Afterwards, we drove about 45 minutes to Nueva Esperanza and walked around the Mountana de Luz grounds to meet a lot of the kids. The kids seem to be amazing, wanting to hug and be held. One kid in particular was named Hector and clung to Amanda, my SALT director here in Honduras. His face was covered in scabs and evidence from his infection of HIV-AIDS. His love was so much worn on his sleeve that it was impossible not to want to just play with him there in the dirt. There are for sure the tough ones that don´t want to look at strangers and are scared to give their hearts away to some new volunteer. It´s going to be great though getting to know these kids more and being able to be a more steady presence in their lives. I am also ready to work with younger kids and experience the different rewards and challenges that come along with that. I love how kids love! I love how they play and can become consumed with their task at hand, forgetting about the sorrows of life and the poverty surrounding them. It will be a great year of reorienting my sense of time and accomplishments. I know there will be plenty of things that I ¨want¨to achieve and I´m sure God has his own plans as well. I am working on reorienting my heart to his voice and understanding what his heart is for his people.
Here in Honduras it is easy so far for me to just become frusterated with systems. To begin with, the government is a corrupt system that does not provide adequate health care or social programs for starving people. There is so much hypocracy. Yet, in the midst of this ugliness I am working to remember that these are God´s children too. God is passionate about the government workers just as he is for me. Yes, they have made some mistakes just as I have. How can we reorient our minds to allow for this type of grace? How can we find hope in this struggle to redistribute resources based on a principle that isn´t capitalism, unitarianism, or economics that seem so logical?
I was reading about the Grameen bank started by Muhammed Yunus in Bangladesh. He set up a bank that the poor could own and take out their own microloans. This truly improved the conditions of many of the poorest of the poor in this country. Also, his banks spread to other countries. It seems that we spend all this time trying to solve poverty when really we need to give the tools and opportunities to those who we are really trying to affect. Every person has something to give and we often act like the poor do not. Yet, they have skills and various internal resources that must be tapped into. Check Yunus out. He started as an economics professor and has made an enormous change for his country. He´s an incredible guy.

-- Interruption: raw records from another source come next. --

lemma qp_abs_of_rat: "prime p \<Longrightarrow> qp_abs p (qp_of_rat p c) = pabs_rat p c"
  unfolding qp_of_rat_def
  using tendsto_qp_abs_cls[OF _ padic_cauchy_const, of p c] LIMSEQ_unique[OF _ tendsto_const] by blast

lemma qp_minus_in_Qp:
  assumes "prime p" "x \<in> Qp p" "y \<in> Qp p"
  shows "qp_minus p x y \<in> Qp p"
  using assms(2,3) by (elim Qp_cases) (simp add: qp_minus_cls assms(1) padic_cauchy_diff qp_cls_in_Qp)

lemma qp_mult_in_Qp:
  assumes "prime p" "x \<in> Qp p" "y \<in> Qp p"
  shows "qp_mult p x y \<in> Qp p"
  using assms(2,3) by (elim Qp_cases) (simp add: qp_mult_cls assms(1) padic_cauchy_mult qp_cls_in_Qp)

lemma qp_abs_mult:
  assumes "prime p" "x \<in> Qp p" "y \<in> Qp p"
  shows "qp_abs p (qp_mult p x y) = qp_abs p x * qp_abs p y"
proof -
  obtain f where f: "padic_cauchy p f" "x = qp_cls p f" using Qp_cases[OF assms(2)] .
  obtain g where g: "padic_cauchy p g" "y = qp_cls p g" using Qp_cases[OF assms(3)] .
  have "(\<lambda>n. pabs_rat p (f n * g n)) \<longlonglongrightarrow> qp_abs p (qp_mult p x y)"
    using tendsto_qp_abs_cls[OF assms(1) padic_cauchy_mult[OF assms(1) f(1) g(1)]]
    by (simp add: f g qp_mult_cls assms(1))
  moreover have "(\<lambda>n. pabs_rat p (f n * g n)) \<longlonglongrightarrow> qp_abs p x * qp_abs p y"
    unfolding pabs_rat_mult[OF assms(1)] f(2) g(2)
    by (intro tendsto_mult tendsto_qp_abs_cls assms(1) f(1) g(1))
  ultimately show ?thesis by (rule LIMSEQ_unique)
qed

lemma qp_abs_binop_le_max:
  assumes "prime p" "x \<in> Qp p" "y \<in> Qp p"
    and "\<And>f g. padic_cauchy p f \<Longrightarrow> padic_cauchy p g \<Longrightarrow>
           padic_cauchy p (\<lambda>n. h (f n) (g n)) \<and>
           qp_op (qp_cls p f) (qp_cls p g) = qp_cls p (\<lambda>n. h (f n) (g n))"
    and "\<And>a b. pabs_rat p (h a b) \<le> max (pabs_rat p a) (pabs_rat p b)"
  shows "qp_abs p (qp_op x y) \<le> max (qp_abs p x) (qp_abs p y)"
proof -
  obtain f where f: "padic_cauchy p f" "x = qp_cls p f" using Qp_cases[OF assms(2)] .
  obtain g where g: "padic_cauchy p g" "y = qp_cls p g" using Qp_cases[OF assms(3)] .
  have "(\<lambda>n. max (pabs_rat p (f n)) (pabs_rat p (g n))) \<longlonglongrightarrow> max (qp_abs p x) (qp_abs p y)"
    unfolding f(2) g(2) by (intro tendsto_max tendsto_qp_abs_cls assms(1) f(1) g(1))
  moreover have "(\<lambda>n. pabs_rat p (h (f n) (g n))) \<longlonglongrightarrow> qp_abs p (qp_op x y)"
    using assms(4)[OF f(1) g(1)] tendsto_qp_abs_cls[OF assms(1)] by (simp add: f(2) g(2))
  ultimately show ?thesis by (intro LIMSEQ_le) (auto simp: assms(5))
qed

lemma qp_abs_add_le_max:
  "prime p \<Longrightarrow> x \<in> Qp p \<Longrightarrow> y \<in> Qp p \<Longrightarrow>
     qp_abs p (qp_add p x y) \<le> max (qp_abs p x) (qp_abs p y)"
  by (rule qp_abs_binop_le_max[where h = "(+)"])
    (simp_all add: padic_cauchy_add qp_add_cls pabs_rat_add_le_max)

lemma qp_abs_minus_le_max:
  "prime p \<Longrightarrow> x \<in> Qp p \<Longrightarrow> y \<in> Qp p \<Longrightarrow>
     qp_abs p (qp_minus p x y) \<le> max (qp_abs p x) (qp_abs p y)"
  by (rule qp_abs_binop_le_max[where h = "(-)"])
    (simp_all add: padic_cauchy_diff qp_minus_cls pabs_rat_diff_le_max)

I have been impressed so far with MCC Honduras and all the different organizations we are able to support. We just got done having our team meeting in La Campa, where Michael is for the year. We visited various agricultural projects put on by CASM, the Comite Accion Social Menonita. The group in this area were helping farmers stop cutting down trees by helping them plant cocoa trees and finding new alternative stoves to cook with. Also, they helped the workers there build more efficent pins for chickens and rabits. It was empowering to see the farmers show us their work and the pride with which they spoke about it. Within one community, one woman even spoke up and told about the women´s community gardens and other animal projects they had specifically been doing. While I know that not every project is this well organized, the community and sense of accomplishment with this group was phenomenal. I truly enjoyed visiting these areas and am anxious to see what projects Michael will see accomplished and what type of environmental educating he will do.

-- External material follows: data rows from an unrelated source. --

subsection \<open>Infinite Lorentz norms\<close>

lemma ennreal_eq_top_if_unbounded:
  assumes "\<And>N::real. ennreal N \<le> x"
  shows "x = top"
proof (cases x rule: ennreal_cases)
  case (real r)
  with assms[of "r + 1"] show ?thesis by (simp add: ennreal_le_iff)
qed simp

lemma distr_fun_less_top:
  assumes "\<Omega> \<in> sets lebesgue" "emeasure lebesgue \<Omega> < \<infinity>"
  shows "distr_fun \<Omega> g t < \<infinity>"
  using emeasure_mono[of "{x \<in> \<Omega>. norm (g x) > t}" \<Omega> lebesgue] assms
  unfolding distr_fun_def by auto

lemma distr_fun_antimono:
  fixes \<Omega> :: "'n::euclidean_space set" and g :: "'n \<Rightarrow> 'v::real_normed_vector"
  assumes "\<Omega> \<in> sets lebesgue" "g \<in> borel_measurable lebesgue" "s \<le> t"
  shows "distr_fun \<Omega> g t \<le> distr_fun \<Omega> g s"
proof -
  have "{x \<in> \<Omega>. norm (g x) > s} = \<Omega> \<inter> ((\<lambda>x. norm (g x)) -` {s<..} \<inter> space lebesgue)"
    by auto
  also have "\<dots> \<in> sets lebesgue"
    using assms by (intro sets.Int measurable_sets[of _ lebesgue borel]) auto
  finally show ?thesis
    unfolding distr_fun_def using assms(3) by (intro emeasure_mono) auto
qed

lemma SUP_weak_lorentz_integrand_eq_top:
  fixes m :: "real \<Rightarrow> ennreal"
  assumes fin: "\<And>t. m t \<noteq> top" and big: "\<And>N. \<exists>t>0. N \<le> t * enn2real (m t) powr (1/p)"
  shows "(SUP t\<in>{0<..}. (if m t = top then top else ennreal (t * enn2real (m t) powr (1/p)))) = top"
proof (rule ennreal_eq_top_if_unbounded)
  fix N :: real
  obtain t where t: "t > 0" "N \<le> t * enn2real (m t) powr (1/p)" using big[of N] by blast
  then have "ennreal N \<le> (if m t = top then top else ennreal (t * enn2real (m t) powr (1/p)))"
    using fin by (simp add: ennreal_leI)
  also have "\<dots> \<le> (SUP t\<in>{0<..}. (if m t = top then top else ennreal (t * enn2real (m t) powr (1/p))))"
    using t(1) by (intro SUP_upper) auto
  finally show "ennreal N \<le> \<dots>" .
qed

text \<open>If \<open>t\<^sub>0 m(t\<^sub>0)\<^sup>1\<^sup>/\<^sup>p \<ge> N\<close>, then by monotonicity the integrand is at least \<open>N/(2t\<^sub>0)\<close> on \<open>[t\<^sub>0/2, t\<^sub>0]\<close>.\<close>
lemma nn_integral_lorentz_integrand_eq_top:
  fixes m :: "real \<Rightarrow> ennreal"
  assumes fin: "\<And>t. m t \<noteq> top" and mono: "\<And>s t. s \<le> t \<Longrightarrow> m t \<le> m s"
    and big: "\<And>N. \<exists>t>0. N \<le> t * enn2real (m t) powr (1/p)"
    and p: "p > 0" and q: "1 \<le> q"
  shows "(\<integral>\<^sup>+ t\<in>{0<..}. (if m t = top then top
            else ennreal ((t * enn2real (m t) powr (1/p)) powr q / t)) \<partial>lborel) = top"
proof (rule ennreal_eq_top_if_unbounded)
  fix N0 :: real
  define D where "D t = enn2real (m t)" for t
  have D: "D t \<le> D s" if "s \<le> t" for s t
    unfolding D_def using mono[OF that] fin by (simp add: enn2real_mono less_top)
  define N where "N = max 2 (4 * N0)"
  have N: "N \<ge> 2" unfolding N_def by simp
  obtain t0 where t0: "t0 > 0" "N \<le> t0 * D t0 powr (1/p)" using big[of N] unfolding D_def by blast
  have pointwise: "ennreal (N / (2*t0)) * indicator {t0/2..t0} t
      \<le> (if m t = top then top else ennreal ((t * enn2real (m t) powr (1/p)) powr q / t)) * indicator {0<..} t" for t
  proof (cases "t \<in> {t0/2..t0}")
    case True
    then have t: "t > 0" "t0/2 \<le> t" "t \<le> t0" using t0 by auto
    have "D t0 powr (1/p) \<le> D t powr (1/p)"
      using D[of t t0] t p by (intro powr_mono2) (auto simp: D_def)
    then have "(t0/2) * D t0 powr (1/p) \<le> t * D t powr (1/p)"
      using t by (intro mult_mono) auto
    then have "N/2 \<le> t * D t powr (1/p)" using t0 by simp
    have "N/2 = (N/2) powr 1" using N by simp
    also have "\<dots> \<le> (N/2) powr q" using N q by (intro powr_mono) auto
    also have "\<dots> \<le> (t * D t powr (1/p)) powr q"
      using \<open>N/2 \<le> t * D t powr (1/p)\<close> N q by (intro powr_mono2) auto
    finally have "N/2 \<le> (t * D t powr (1/p)) powr q" .
    moreover have "N / (2*t0) \<le> (N/2) / t"
      using t t0 N by (simp add: field_simps mult_left_mono)
    ultimately have "N / (2*t0) \<le> (t * D t powr (1/p)) powr q / t"
      using t by (smt (verit) divide_right_mono)
    then show ?thesis using t fin True by (simp add: D_def ennreal_leI)
  qed simp
  have "ennreal N0 \<le> ennreal (N / (2*t0)) * ennreal (t0/2)"
    using t0 by (simp add: ennreal_mult'[symmetric] N_def ennreal_leI)
  also have "\<dots> = (\<integral>\<^sup>+ t. ennreal (N / (2*t0)) * indicator {t0/2..t0} t \<partial>lborel)"
    using t0 by (simp add: nn_integral_cmult_indicator)
  also have "\<dots> \<le> (\<integral>\<^sup>+ t\<in>{0<..}. (if m t = top then top
            else ennreal ((t * enn2real (m t) powr (1/p)) powr q / t)) \<partial>lborel)"
    by (rule nn_integral_mono) (rule pointwise)
  finally show "ennreal N0 \<le> \<dots>" .
qed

Let´s see, I´ve been running a little bit. Often it is hard to know if I am in a safe enough area. I really crave exercise but sometimes things just don´t happen like you desire. I´ve learned that Hondurans are crazy patient people. They are just always waiting for something. If they say a show or event will begin at 7 pm, usually that means around 8 or 830. I´ve just gotten used to wating for buses more and appreciating the environment around me. Also, I´ve gotten used to being dirty. At first it was a bit uncomfortable. Now, I feel like once I´m dirty I forget to notice it and I´ve even gone about 3 or 4 days without showering and not even noticed. Its actually kinda refreshing not to have to worry about showering or smelling good. Also, it makes me realize how concious we are about being clean in the U.S. We change clothes frequently and put on good smelling perfumes and cologne. It just feels natural to be here. I´m sure I will get tired of things smelling after a while and there really is nothing like the day after laundry day, especially when your laundry has dried in the sun.
Also, I am enjoying having less technology. I have an MCC-issued cell phone to call people in-country. It is nice not to have to worry about checking messages (cuz you all know how I would wait until I had 9 or 10 messages in the U.S.) and just take life as it comes. Man, let me tell you the frozen fruit pops or paletas are literally and figuratively ¨the bomb.¨ The flavors are so sweet and leche here just is different. I don´t know how to describe it but milk and cheese are just different. There are various types of cheese and I think I like this dry crumbly cheese the best. But watch out, because it will definitely sneak attack your stomache the next morning! Haha.
Well, for now that´s all. Tomorrow I get to sleep in and just get oriented to Montana de Luz and this new town, Nueva Esperanza. Andrew and Amanda and Rachel are leaving to take Rachel to her assignment with micro-loans in Teguc. I´m very much looking foward to being on my own and finally being emmersed in Spanish. Its been comforting speaking Spanglish with my fellow gringos but its time to jump into Honduras and the world of kids. I love working with kids because they are not humble about correcting you or laughing at your mistakes. This truly helps you learn because often adults are too polite to laugh at the ridiculous things you say. Learning Spanish has helped me understand the difficulty of being a foreigner and being frusterated at not expressing your thoughts always. Sometimes your head just begins to spin and nothing makes sense at all. That´s when you hit the sack and start the day anew. It also sheds new light on the experiences of immigrants and the truly tough life that this is. Well, more on that subject later because this will get far too long if we breach that subject.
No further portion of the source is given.